══ RECORDS FOR THE TASK

(* An isomorphism \<phi> from KC(G) onto K transports the swap (v, a) \<mapsto> (v, \<not> a) of the two
   layers of the cover to a polarity of K; since K is connected, its 2-colouring is unique up to
   exchanging the colours, so this polarity exchanges V1 and V2.  Every polarity \<pi> arises
   this way, from the orbit graph K/\<pi> whose vertices are the orbits {v, \<pi> v}.  An isomorphism
   G \<cong> H lifts to an isomorphism of the covers commuting with the swap, hence induces an
   automorphism of K conjugating the two polarities; conversely an automorphism conjugating
   them yields such an isomorphism of covers, which maps fibres to fibres and so descends to
   G \<cong> H.  Hence G \<mapsto> (transported swap) is a bijection between isomorphism classes of
   Kronecker-cover preimages of K and conjugacy classes of polarities. *)

lemma equiv_reflected:
  assumes R: "equiv A R" and S: "S \<subseteq> B \<times> B" and f: "f ` B \<subseteq> A"
    and reflects: "\<And>b b'. b \<in> B \<Longrightarrow> b' \<in> B \<Longrightarrow> (b, b') \<in> S \<longleftrightarrow> (f b, f b') \<in> R"
  shows "equiv B S"
proof (rule equivI)
  have "refl_on A R" "sym R" "trans R" using R by (auto elim: equivE)
  show "refl_on B S"
    using S f reflects refl_onD[OF \<open>refl_on A R\<close>] by (auto simp: refl_on_def)
  show "sym S" using S reflects symD[OF \<open>sym R\<close>] by (auto intro!: symI)
  show "trans S"
  proof (rule transI)
    fix x y z assume xyz: "(x, y) \<in> S" "(y, z) \<in> S"
    then have "x \<in> B" "y \<in> B" "z \<in> B" using S by auto
    with xyz show "(x, z) \<in> S" using reflects transD[OF \<open>trans R\<close>] by blast
  qed
qed (rule S)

════

◆ PROBLEM DESCRIPTION: Go through the entries and copy each line holding the string "using".

◆ SOLVED EXERCISE:
  have "refl_on A R" "sym R" "trans R" using R by (auto elim: equivE)
    using S f reflects refl_onD[OF \<open>refl_on A R\<close>] by (auto simp: refl_on_def)
  show "sym S" using S reflects symD[OF \<open>sym R\<close>] by (auto intro!: symI)
    then have "x \<in> B" "y \<in> B" "z \<in> B" using S by auto
    with xyz show "(x, z) \<in> S" using reflects transD[OF \<open>trans R\<close>] by blast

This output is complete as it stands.